#### Given records:
....

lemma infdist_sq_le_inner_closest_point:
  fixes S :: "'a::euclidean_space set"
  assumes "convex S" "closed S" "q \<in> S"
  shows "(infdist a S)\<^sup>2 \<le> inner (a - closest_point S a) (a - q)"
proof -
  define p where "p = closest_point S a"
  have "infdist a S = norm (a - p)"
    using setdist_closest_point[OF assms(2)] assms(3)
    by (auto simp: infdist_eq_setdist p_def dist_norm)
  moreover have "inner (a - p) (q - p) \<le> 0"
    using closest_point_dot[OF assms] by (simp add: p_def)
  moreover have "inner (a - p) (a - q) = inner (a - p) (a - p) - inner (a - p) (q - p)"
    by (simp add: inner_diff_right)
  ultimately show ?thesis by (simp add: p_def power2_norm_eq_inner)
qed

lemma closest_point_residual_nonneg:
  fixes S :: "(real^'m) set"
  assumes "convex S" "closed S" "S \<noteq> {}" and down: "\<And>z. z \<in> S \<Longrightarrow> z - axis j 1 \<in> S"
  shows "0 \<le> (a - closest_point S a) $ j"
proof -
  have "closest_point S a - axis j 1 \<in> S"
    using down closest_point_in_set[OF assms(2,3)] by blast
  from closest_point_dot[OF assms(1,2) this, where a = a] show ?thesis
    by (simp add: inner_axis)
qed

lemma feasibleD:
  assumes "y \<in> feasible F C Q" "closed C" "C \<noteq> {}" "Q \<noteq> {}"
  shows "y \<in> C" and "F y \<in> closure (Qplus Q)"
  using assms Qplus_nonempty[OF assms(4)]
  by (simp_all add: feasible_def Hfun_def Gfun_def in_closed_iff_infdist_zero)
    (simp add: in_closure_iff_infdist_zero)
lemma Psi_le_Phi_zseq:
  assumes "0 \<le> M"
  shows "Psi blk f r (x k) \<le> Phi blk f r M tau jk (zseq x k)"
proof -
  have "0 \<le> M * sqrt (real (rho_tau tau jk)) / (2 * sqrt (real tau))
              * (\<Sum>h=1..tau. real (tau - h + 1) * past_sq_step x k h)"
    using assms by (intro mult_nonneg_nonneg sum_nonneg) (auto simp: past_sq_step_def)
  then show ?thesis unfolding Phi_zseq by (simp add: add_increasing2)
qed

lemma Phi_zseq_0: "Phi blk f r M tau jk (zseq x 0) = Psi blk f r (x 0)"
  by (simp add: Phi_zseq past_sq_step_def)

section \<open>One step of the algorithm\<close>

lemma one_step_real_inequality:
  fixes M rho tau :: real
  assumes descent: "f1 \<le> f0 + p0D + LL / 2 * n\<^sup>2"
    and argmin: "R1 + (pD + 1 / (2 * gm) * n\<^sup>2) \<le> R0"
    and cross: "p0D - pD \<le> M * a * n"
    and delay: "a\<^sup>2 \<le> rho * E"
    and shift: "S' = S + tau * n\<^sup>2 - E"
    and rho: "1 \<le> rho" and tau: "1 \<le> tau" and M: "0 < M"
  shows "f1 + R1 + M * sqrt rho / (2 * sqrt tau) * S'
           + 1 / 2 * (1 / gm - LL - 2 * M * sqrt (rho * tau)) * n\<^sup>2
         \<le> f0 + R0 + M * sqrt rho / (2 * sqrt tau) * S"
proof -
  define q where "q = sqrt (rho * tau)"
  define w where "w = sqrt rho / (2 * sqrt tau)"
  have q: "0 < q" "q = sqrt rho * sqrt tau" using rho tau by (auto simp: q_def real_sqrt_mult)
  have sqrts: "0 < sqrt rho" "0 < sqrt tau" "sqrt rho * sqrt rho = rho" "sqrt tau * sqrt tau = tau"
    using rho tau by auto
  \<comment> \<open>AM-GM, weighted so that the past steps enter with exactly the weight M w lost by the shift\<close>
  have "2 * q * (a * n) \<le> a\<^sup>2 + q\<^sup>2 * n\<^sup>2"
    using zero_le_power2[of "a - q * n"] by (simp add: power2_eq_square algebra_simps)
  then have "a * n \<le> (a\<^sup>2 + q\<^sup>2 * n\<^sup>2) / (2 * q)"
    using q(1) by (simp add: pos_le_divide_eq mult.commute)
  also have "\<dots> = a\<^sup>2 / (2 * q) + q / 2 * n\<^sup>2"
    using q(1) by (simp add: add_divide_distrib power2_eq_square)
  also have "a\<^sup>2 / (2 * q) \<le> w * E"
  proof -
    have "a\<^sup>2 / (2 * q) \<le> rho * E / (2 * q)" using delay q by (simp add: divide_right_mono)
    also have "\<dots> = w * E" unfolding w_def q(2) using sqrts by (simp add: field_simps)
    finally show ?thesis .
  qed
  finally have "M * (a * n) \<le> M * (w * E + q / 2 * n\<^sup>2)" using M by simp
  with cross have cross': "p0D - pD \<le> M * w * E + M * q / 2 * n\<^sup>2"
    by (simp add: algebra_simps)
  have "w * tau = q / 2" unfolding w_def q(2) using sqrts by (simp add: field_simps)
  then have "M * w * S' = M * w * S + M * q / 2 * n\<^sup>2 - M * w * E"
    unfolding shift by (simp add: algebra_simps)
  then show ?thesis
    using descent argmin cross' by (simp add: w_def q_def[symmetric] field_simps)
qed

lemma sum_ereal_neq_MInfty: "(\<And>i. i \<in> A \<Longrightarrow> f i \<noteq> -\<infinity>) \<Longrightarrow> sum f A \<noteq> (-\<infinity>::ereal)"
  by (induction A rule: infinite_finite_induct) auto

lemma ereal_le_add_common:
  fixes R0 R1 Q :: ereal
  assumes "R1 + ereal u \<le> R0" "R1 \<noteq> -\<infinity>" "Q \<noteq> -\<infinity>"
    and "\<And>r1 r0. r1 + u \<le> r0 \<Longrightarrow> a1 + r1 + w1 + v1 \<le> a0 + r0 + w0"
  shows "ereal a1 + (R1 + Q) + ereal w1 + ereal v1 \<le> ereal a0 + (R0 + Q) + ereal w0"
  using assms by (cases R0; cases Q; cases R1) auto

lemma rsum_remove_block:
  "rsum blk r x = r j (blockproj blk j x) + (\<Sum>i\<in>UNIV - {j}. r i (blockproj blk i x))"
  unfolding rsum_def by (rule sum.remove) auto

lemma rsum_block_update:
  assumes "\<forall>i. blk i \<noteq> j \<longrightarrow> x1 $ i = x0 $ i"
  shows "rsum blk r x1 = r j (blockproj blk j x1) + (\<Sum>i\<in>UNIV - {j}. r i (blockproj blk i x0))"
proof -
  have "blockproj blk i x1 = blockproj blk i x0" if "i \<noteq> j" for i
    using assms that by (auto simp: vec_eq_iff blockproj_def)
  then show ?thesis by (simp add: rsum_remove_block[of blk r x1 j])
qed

....

Repeat the records above with every character intact.

#### Answer to this task:
lemma infdist_sq_le_inner_closest_point:
  fixes S :: "'a::euclidean_space set"
  assumes "convex S" "closed S" "q \<in> S"
  shows "(infdist a S)\<^sup>2 \<le> inner (a - closest_point S a) (a - q)"
proof -
  define p where "p = closest_point S a"
  have "infdist a S = norm (a - p)"
    using setdist_closest_point[OF assms(2)] assms(3)
    by (auto simp: infdist_eq_setdist p_def dist_norm)
  moreover have "inner (a - p) (q - p) \<le> 0"
    using closest_point_dot[OF assms] by (simp add: p_def)
  moreover have "inner (a - p) (a - q) = inner (a - p) (a - p) - inner (a - p) (q - p)"
    by (simp add: inner_diff_right)
  ultimately show ?thesis by (simp add: p_def power2_norm_eq_inner)
qed

lemma closest_point_residual_nonneg:
  fixes S :: "(real^'m) set"
  assumes "convex S" "closed S" "S \<noteq> {}" and down: "\<And>z. z \<in> S \<Longrightarrow> z - axis j 1 \<in> S"
  shows "0 \<le> (a - closest_point S a) $ j"
proof -
  have "closest_point S a - axis j 1 \<in> S"
    using down closest_point_in_set[OF assms(2,3)] by blast
  from closest_point_dot[OF assms(1,2) this, where a = a] show ?thesis
    by (simp add: inner_axis)
qed

lemma feasibleD:
  assumes "y \<in> feasible F C Q" "closed C" "C \<noteq> {}" "Q \<noteq> {}"
  shows "y \<in> C" and "F y \<in> closure (Qplus Q)"
  using assms Qplus_nonempty[OF assms(4)]
  by (simp_all add: feasible_def Hfun_def Gfun_def in_closed_iff_infdist_zero)
    (simp add: in_closure_iff_infdist_zero)
lemma Psi_le_Phi_zseq:
  assumes "0 \<le> M"
  shows "Psi blk f r (x k) \<le> Phi blk f r M tau jk (zseq x k)"
proof -
  have "0 \<le> M * sqrt (real (rho_tau tau jk)) / (2 * sqrt (real tau))
              * (\<Sum>h=1..tau. real (tau - h + 1) * past_sq_step x k h)"
    using assms by (intro mult_nonneg_nonneg sum_nonneg) (auto simp: past_sq_step_def)
  then show ?thesis unfolding Phi_zseq by (simp add: add_increasing2)
qed

lemma Phi_zseq_0: "Phi blk f r M tau jk (zseq x 0) = Psi blk f r (x 0)"
  by (simp add: Phi_zseq past_sq_step_def)

section \<open>One step of the algorithm\<close>

lemma one_step_real_inequality:
  fixes M rho tau :: real
  assumes descent: "f1 \<le> f0 + p0D + LL / 2 * n\<^sup>2"
    and argmin: "R1 + (pD + 1 / (2 * gm) * n\<^sup>2) \<le> R0"
    and cross: "p0D - pD \<le> M * a * n"
    and delay: "a\<^sup>2 \<le> rho * E"
    and shift: "S' = S + tau * n\<^sup>2 - E"
    and rho: "1 \<le> rho" and tau: "1 \<le> tau" and M: "0 < M"
  shows "f1 + R1 + M * sqrt rho / (2 * sqrt tau) * S'
           + 1 / 2 * (1 / gm - LL - 2 * M * sqrt (rho * tau)) * n\<^sup>2
         \<le> f0 + R0 + M * sqrt rho / (2 * sqrt tau) * S"
proof -
  define q where "q = sqrt (rho * tau)"
  define w where "w = sqrt rho / (2 * sqrt tau)"
  have q: "0 < q" "q = sqrt rho * sqrt tau" using rho tau by (auto simp: q_def real_sqrt_mult)
  have sqrts: "0 < sqrt rho" "0 < sqrt tau" "sqrt rho * sqrt rho = rho" "sqrt tau * sqrt tau = tau"
    using rho tau by auto
  \<comment> \<open>AM-GM, weighted so that the past steps enter with exactly the weight M w lost by the shift\<close>
  have "2 * q * (a * n) \<le> a\<^sup>2 + q\<^sup>2 * n\<^sup>2"
    using zero_le_power2[of "a - q * n"] by (simp add: power2_eq_square algebra_simps)
  then have "a * n \<le> (a\<^sup>2 + q\<^sup>2 * n\<^sup>2) / (2 * q)"
    using q(1) by (simp add: pos_le_divide_eq mult.commute)
  also have "\<dots> = a\<^sup>2 / (2 * q) + q / 2 * n\<^sup>2"
    using q(1) by (simp add: add_divide_distrib power2_eq_square)
  also have "a\<^sup>2 / (2 * q) \<le> w * E"
  proof -
    have "a\<^sup>2 / (2 * q) \<le> rho * E / (2 * q)" using delay q by (simp add: divide_right_mono)
    also have "\<dots> = w * E" unfolding w_def q(2) using sqrts by (simp add: field_simps)
    finally show ?thesis .
  qed
  finally have "M * (a * n) \<le> M * (w * E + q / 2 * n\<^sup>2)" using M by simp
  with cross have cross': "p0D - pD \<le> M * w * E + M * q / 2 * n\<^sup>2"
    by (simp add: algebra_simps)
  have "w * tau = q / 2" unfolding w_def q(2) using sqrts by (simp add: field_simps)
  then have "M * w * S' = M * w * S + M * q / 2 * n\<^sup>2 - M * w * E"
    unfolding shift by (simp add: algebra_simps)
  then show ?thesis
    using descent argmin cross' by (simp add: w_def q_def[symmetric] field_simps)
qed

lemma sum_ereal_neq_MInfty: "(\<And>i. i \<in> A \<Longrightarrow> f i \<noteq> -\<infinity>) \<Longrightarrow> sum f A \<noteq> (-\<infinity>::ereal)"
  by (induction A rule: infinite_finite_induct) auto

lemma ereal_le_add_common:
  fixes R0 R1 Q :: ereal
  assumes "R1 + ereal u \<le> R0" "R1 \<noteq> -\<infinity>" "Q \<noteq> -\<infinity>"
    and "\<And>r1 r0. r1 + u \<le> r0 \<Longrightarrow> a1 + r1 + w1 + v1 \<le> a0 + r0 + w0"
  shows "ereal a1 + (R1 + Q) + ereal w1 + ereal v1 \<le> ereal a0 + (R0 + Q) + ereal w0"
  using assms by (cases R0; cases Q; cases R1) auto

lemma rsum_remove_block:
  "rsum blk r x = r j (blockproj blk j x) + (\<Sum>i\<in>UNIV - {j}. r i (blockproj blk i x))"
  unfolding rsum_def by (rule sum.remove) auto

lemma rsum_block_update:
  assumes "\<forall>i. blk i \<noteq> j \<longrightarrow> x1 $ i = x0 $ i"
  shows "rsum blk r x1 = r j (blockproj blk j x1) + (\<Sum>i\<in>UNIV - {j}. r i (blockproj blk i x0))"
proof -
  have "blockproj blk i x1 = blockproj blk i x0" if "i \<noteq> j" for i
    using assms that by (auto simp: vec_eq_iff blockproj_def)
  then show ?thesis by (simp add: rsum_remove_block[of blk r x1 j])
qed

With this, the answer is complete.